Records contained in a dataset:

lemma mesh_edges_meet:
  assumes RT: "regular_triangulation \<Omega> \<T>"
    and ab: "closed_segment a b \<in> mesh_edges \<T>" and cd: "closed_segment c d \<in> mesh_edges \<T>"
    and z: "z \<in> closed_segment a b" "z \<in> closed_segment c d"
  shows "{a, b} = {c, d} \<or> (z \<in> {a, b} \<and> z \<in> {c, d})"
proof -
  have "a \<noteq> b" "c \<noteq> d" using mesh_edge_tri_verts ab cd by blast+
  obtain T where T: "T \<in> \<T>" "closed_segment a b face_of T" using mesh_edge_face_of[OF RT ab] .
  obtain T' where T': "T' \<in> \<T>" "closed_segment c d face_of T'" using mesh_edge_face_of[OF RT cd] .
  define G where "G = closed_segment a b \<inter> closed_segment c d"
  have "G face_of closed_segment a b" "G face_of closed_segment c d"
    using mesh_faces_Int_face_of[OF RT T(1) T'(1) T(2) T'(2)]
      mesh_faces_Int_face_of[OF RT T'(1) T(1) T'(2) T(2)] by (simp_all add: G_def Int_commute)
  moreover have "z \<in> G" using z by (simp add: G_def)
  ultimately have G1: "G = {a} \<or> G = {b} \<or> G = closed_segment a b"
    and G2: "G = {c} \<or> G = {d} \<or> G = closed_segment c d"
    using segment_face_cases by (metis empty_iff)+
  from G1 show ?thesis
  proof (elim disjE)
    assume "G = closed_segment a b"
    with G2 \<open>a \<noteq> b\<close> have "closed_segment a b = closed_segment c d"
      by (metis closed_segment_eq_sing)
    then show ?thesis by simp
  qed (use G2 \<open>z \<in> G\<close> \<open>c \<noteq> d\<close> in \<open>metis closed_segment_eq_sing insertCI singletonD\<close>)+
qed

lemma mesh_vertex_on_edge:
  assumes RT: "regular_triangulation \<Omega> \<T>"
    and v: "v \<in> mesh_verts \<T>" and ab: "closed_segment a b \<in> mesh_edges \<T>"
    and "v \<in> closed_segment a b"
  shows "v \<in> {a, b}"
proof -
  obtain T' where T': "T' \<in> \<T>" "v \<in> tri_verts T'" using v unfolding mesh_verts_def by blast
  obtain T where T: "T \<in> \<T>" "closed_segment a b face_of T" using mesh_edge_face_of[OF RT ab] .
  have "(closed_segment a b \<inter> {v}) face_of closed_segment a b"
    using mesh_faces_Int_face_of[OF RT T(1) T'(1) T(2) tri_vertex_face_of[OF T'(2)]] .
  moreover have "closed_segment a b \<inter> {v} = {v}" using assms(4) by blast
  ultimately have "{v} = {a} \<or> {v} = {b} \<or> closed_segment a b = {v}"
    using segment_face_cases by (metis insert_not_empty)
  then show ?thesis by (auto simp: closed_segment_eq_sing)
qed
lemma G_Suc: "G p (Suc k) = G p k * [:- (int k * int p), 1:]"
  by (simp add: G_def)

lemma poly_G_multiple: "poly (G p k) (int p * j) = int p ^ k * poly (G 1 k) j"
proof -
  have "poly (G p k) (int p * j) = (\<Prod>h<k. int p * (j - int h))"
    unfolding poly_G by (simp add: algebra_simps)
  then show ?thesis
    unfolding poly_G by (simp add: prod.distrib)
qed

lemma fact_dvd_poly_G_1: "fact k dvd poly (G 1 k) j"
proof -
  have "poly (G 1 k) j = pochhammer (j - int k + 1) k"
    by (simp add: poly_G atLeast0LessThan flip: falling_fact_pochhammer')
  then show ?thesis by (simp add: fact_dvd_pochhammer)
qed

definition fwd_diff :: "int \<Rightarrow> (int \<Rightarrow> int) \<Rightarrow> int \<Rightarrow> int" where
  "fwd_diff d g x = g (x + d) - g x"

lemma fwd_diff_poly_G:
  "fwd_diff (int p) (poly (G p k)) x = int k * int p * poly (G p (k - 1)) x"
proof (cases k)
  case 0
  then show ?thesis by (simp add: fwd_diff_def G_def)
next
  case (Suc j)
  have "poly (G p (Suc j)) (x + int p)
      = (x + int p - int 0 * int p) * (\<Prod>h<j. x + int p - int (Suc h) * int p)"
    unfolding poly_G by (rule prod.lessThan_Suc_shift)
  also have "\<dots> = (x + int p) * poly (G p j) x"
    by (simp add: poly_G algebra_simps)
  finally have "poly (G p (Suc j)) (x + int p) = (x + int p) * poly (G p j) x" .
  moreover have "poly (G p (Suc j)) x = poly (G p j) x * (x - int j * int p)"
    by (simp add: G_Suc algebra_simps)
  ultimately show ?thesis
    using Suc by (simp add: fwd_diff_def algebra_simps)
qed

lemma funpow_fwd_diff_poly_G:
  "(fwd_diff (int p) ^^ k) (poly (G p h)) x
     = (\<Prod>i<k. int h - int i) * int p ^ k * poly (G p (h - k)) x"
proof (induction k arbitrary: x)
  case 0
  then show ?case by simp
next
  case (Suc k)
  have "(fwd_diff (int p) ^^ Suc k) (poly (G p h)) x
      = (\<Prod>i<k. int h - int i) * int p ^ k * fwd_diff (int p) (poly (G p (h - k))) x"
    unfolding funpow.simps comp_apply
      fwd_diff_def[of "int p" "(fwd_diff (int p) ^^ k) (poly (G p h))"] Suc.IH
    by (simp add: fwd_diff_def algebra_simps)
  also have "\<dots> = (\<Prod>i<k. int h - int i) * int (h - k) * int p ^ Suc k * poly (G p (h - Suc k)) x"
    by (simp add: fwd_diff_poly_G)
  also have "(\<Prod>i<k. int h - int i) * int (h - k) = (\<Prod>i<Suc k. int h - int i)"
    by (cases "k \<le> h") (auto simp: of_nat_diff intro!: prod_zero)
  finally show ?case .
qed
locale C2_on =
  fixes phi :: "real^'n::finite \<Rightarrow> real" and a :: "real^'n \<Rightarrow> real^'n"
    and B :: "real^'n \<Rightarrow> real^'n^'n" and U :: "(real^'n) set"
  assumes open_U: "open U"
    and phi_deriv: "\<And>x. x \<in> U \<Longrightarrow> (phi has_derivative (\<lambda>w. a x \<bullet> w)) (at x)"
    and a_deriv: "\<And>x. x \<in> U \<Longrightarrow> (a has_derivative (\<lambda>w. B x *v w)) (at x)"
    and B_cont: "continuous_on U B"
begin

lemma isCont_phi: "x \<in> U \<Longrightarrow> isCont phi x"
  using phi_deriv has_derivative_continuous by blast

lemma isCont_a: "x \<in> U \<Longrightarrow> isCont a x"
  using a_deriv has_derivative_continuous by blast

lemma isCont_B: "x \<in> U \<Longrightarrow> isCont B x"
  using B_cont open_U continuous_on_eq_continuous_at by blast

lemma taylor_segment:
  assumes seg: "\<forall>s\<in>{0..1}. x + s *\<^sub>R d \<in> U"
  shows "\<exists>\<xi>\<in>{0..1}. phi (x + d) = phi x + a x \<bullet> d + qf (B (x + \<xi> *\<^sub>R d)) d / 2"
proof -
  define diff where "diff m s = (if m = 0 then phi (x + s *\<^sub>R d)
      else if m = 1 then a (x + s *\<^sub>R d) \<bullet> d else qf (B (x + s *\<^sub>R d)) d)" for m :: nat and s
  have line: "((\<lambda>s. x + s *\<^sub>R d) has_derivative (\<lambda>r. r *\<^sub>R d)) (at s)" for s :: real
    by (auto intro!: derivative_eq_intros)
  have "DERIV (diff m) s :> diff (Suc m) s" if m: "m < 2" and s: "0 \<le> s" "s \<le> 1" for m s
  proof -
    have xs: "x + s *\<^sub>R d \<in> U"
      using seg s by auto
    consider "m = 0" | "m = 1"
      using m by force
    then show ?thesis
    proof cases
      case 1
      have "((\<lambda>s. phi (x + s *\<^sub>R d)) has_derivative (\<lambda>r. a (x + s *\<^sub>R d) \<bullet> (r *\<^sub>R d))) (at s)"
        by (rule has_derivative_compose[OF line phi_deriv[OF xs]])
      moreover have "(\<lambda>r. a (x + s *\<^sub>R d) \<bullet> (r *\<^sub>R d)) = (*) (a (x + s *\<^sub>R d) \<bullet> d)"
        by (simp add: fun_eq_iff)
      ultimately show ?thesis
        using 1 by (simp add: has_field_derivative_def diff_def[abs_def])
    next
      case 2
      have "((\<lambda>s. a (x + s *\<^sub>R d)) has_derivative (\<lambda>r. B (x + s *\<^sub>R d) *v (r *\<^sub>R d))) (at s)"
        by (rule has_derivative_compose[OF line a_deriv[OF xs]])
      then have "((\<lambda>s. a (x + s *\<^sub>R d) \<bullet> d) has_derivative (\<lambda>r. (B (x + s *\<^sub>R d) *v (r *\<^sub>R d)) \<bullet> d)) (at s)"
        by (rule bounded_linear.has_derivative[OF bounded_linear_inner_left])
      moreover have "(\<lambda>r. (B (x + s *\<^sub>R d) *v (r *\<^sub>R d)) \<bullet> d) = (*) (qf (B (x + s *\<^sub>R d)) d)"
        by (simp add: fun_eq_iff qf_def matrix_vector_mult_scaleR inner_commute)
      ultimately show ?thesis
        using 2 by (simp add: has_field_derivative_def diff_def[abs_def])
    qed
  qed
  then obtain \<xi> where "0 < \<xi>" "\<xi> < 1"
    "diff 0 1 = (\<Sum>m<2. diff m 0 / fact m * (1 - 0) ^ m) + diff 2 \<xi> / fact 2 * (1 - 0) ^ 2"
    using Taylor_up[of 2 diff "diff 0" 0 1 0] by auto
  then show ?thesis
    by (intro bexI[of _ \<xi>]) (simp_all add: diff_def numeral_2_eq_2)
qed

lemma eventually_segment_in_U:
  assumes x: "x \<in> U" and D: "(D \<longlongrightarrow> 0) F"
  shows "\<forall>\<^sub>F z in F. \<forall>s\<in>{0..1}. x + s *\<^sub>R D z \<in> U"
proof -
  obtain r where r: "r > 0" "ball x r \<subseteq> U"
    using open_U x open_contains_ball by blast
  have "\<forall>\<^sub>F z in F. norm (D z) < r"
    using order_tendstoD(2)[OF tendsto_norm_zero[OF D] r(1)] .
  then show ?thesis
  proof eventually_elim
    case (elim z)
    have "norm (s *\<^sub>R D z) < r" if "s \<in> {0..1}" for s
      using elim that mult_left_le_one_le[of "norm (D z)" s] by auto
    then show ?case
      using r(2) by (auto simp: dist_norm)
  qed
qed

lemma sdq_real_mean_value:
  assumes t: "t \<noteq> 0" and seg: "\<forall>s\<in>{0..1}. x + s *\<^sub>R (t *\<^sub>R w) \<in> U"
  shows "\<exists>\<xi>\<in>{0..1}. sdq_real phi x (a x) t w = qf (B (x + \<xi> *\<^sub>R (t *\<^sub>R w))) w"
proof -
  obtain \<xi> where \<xi>: "\<xi> \<in> {0..1}"
    and "phi (x + t *\<^sub>R w) = phi x + a x \<bullet> (t *\<^sub>R w) + qf (B (x + \<xi> *\<^sub>R (t *\<^sub>R w))) (t *\<^sub>R w) / 2"
    using taylor_segment[OF seg] by blast
  then have "sdq_real phi x (a x) t w = qf (B (x + \<xi> *\<^sub>R (t *\<^sub>R w))) w"
    using t by (simp add: sdq_real_def qf_scaleR_vector)
  then show ?thesis
    using \<xi> by blast
qed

What you have to do: Write down again, exactly as given, only the lines above that fall from the line with "U \<Longrightarrow> (a" to the line with "by (auto intro!: derivative_eq_intros)", inclusive.

Worked solution:
    and a_deriv: "\<And>x. x \<in> U \<Longrightarrow> (a has_derivative (\<lambda>w. B x *v w)) (at x)"
    and B_cont: "continuous_on U B"
begin

lemma isCont_phi: "x \<in> U \<Longrightarrow> isCont phi x"
  using phi_deriv has_derivative_continuous by blast

lemma isCont_a: "x \<in> U \<Longrightarrow> isCont a x"
  using a_deriv has_derivative_continuous by blast

lemma isCont_B: "x \<in> U \<Longrightarrow> isCont B x"
  using B_cont open_U continuous_on_eq_continuous_at by blast

lemma taylor_segment:
  assumes seg: "\<forall>s\<in>{0..1}. x + s *\<^sub>R d \<in> U"
  shows "\<exists>\<xi>\<in>{0..1}. phi (x + d) = phi x + a x \<bullet> d + qf (B (x + \<xi> *\<^sub>R d)) d / 2"
proof -
  define diff where "diff m s = (if m = 0 then phi (x + s *\<^sub>R d)
      else if m = 1 then a (x + s *\<^sub>R d) \<bullet> d else qf (B (x + s *\<^sub>R d)) d)" for m :: nat and s
  have line: "((\<lambda>s. x + s *\<^sub>R d) has_derivative (\<lambda>r. r *\<^sub>R d)) (at s)" for s :: real
    by (auto intro!: derivative_eq_intros)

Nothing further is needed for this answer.